lemma Hop_in_Delta:
  assumes "\<And>i. h i = b \<Longrightarrow> 0 \<le> \<mu> $ i" and "\<nu> b \<in> Delta h b"
  shows "Hop h \<nu> b \<mu> \<in> Delta h b"
proof (cases "\<mu> \<bullet> ind h b = 0")
  case False
  then have "0 < \<mu> \<bullet> ind h b"
    using inner_ind_nonneg[of h b \<mu>, OF assms(1)] by linarith
  moreover have "(\<Sum>i\<in>UNIV. if h i = b then \<mu> $ i / (\<mu> \<bullet> ind h b) else 0) = 1"
    using False by (simp add: sum.If_cases inner_ind flip: sum_divide_distrib)
  ultimately show ?thesis
    using assms(1) by (simp add: Delta_def Hop_def)
qed (use assms in \<open>simp add: Hop_def\<close>)

text \<open>\<open>r(\<rho>,u) \<integral> w dR(\<rho>,u;\<cdot>)\<close> for \<open>\<rho> \<in> \<Delta>\<^sub>a\<close>, as a function of \<open>\<mu> = \<rho>\<Lambda>(u)\<close>.\<close>
definition jump_sum :: "('i::finite \<Rightarrow> 'o::finite) \<Rightarrow> ('o \<Rightarrow> real^'i) \<Rightarrow> (real^'i \<Rightarrow> real)
    \<Rightarrow> 'o \<Rightarrow> real^'i \<Rightarrow> real" where
  "jump_sum h \<nu> w a \<mu> = (\<Sum>b\<in>UNIV - {a}. (\<mu> \<bullet> ind h b) * w (Hop h \<nu> b \<mu>))"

#### WHAT YOU SHOULD DO:
Lines from the one holding "< \<mu> \<bullet>" through the end of the material above should be output exactly, and all others skipped.

#### ANSWER BOX:
  then have "0 < \<mu> \<bullet> ind h b"
    using inner_ind_nonneg[of h b \<mu>, OF assms(1)] by linarith
  moreover have "(\<Sum>i\<in>UNIV. if h i = b then \<mu> $ i / (\<mu> \<bullet> ind h b) else 0) = 1"
    using False by (simp add: sum.If_cases inner_ind flip: sum_divide_distrib)
  ultimately show ?thesis
    using assms(1) by (simp add: Delta_def Hop_def)
qed (use assms in \<open>simp add: Hop_def\<close>)

text \<open>\<open>r(\<rho>,u) \<integral> w dR(\<rho>,u;\<cdot>)\<close> for \<open>\<rho> \<in> \<Delta>\<^sub>a\<close>, as a function of \<open>\<mu> = \<rho>\<Lambda>(u)\<close>.\<close>
definition jump_sum :: "('i::finite \<Rightarrow> 'o::finite) \<Rightarrow> ('o \<Rightarrow> real^'i) \<Rightarrow> (real^'i \<Rightarrow> real)
    \<Rightarrow> 'o \<Rightarrow> real^'i \<Rightarrow> real" where
  "jump_sum h \<nu> w a \<mu> = (\<Sum>b\<in>UNIV - {a}. (\<mu> \<bullet> ind h b) * w (Hop h \<nu> b \<mu>))"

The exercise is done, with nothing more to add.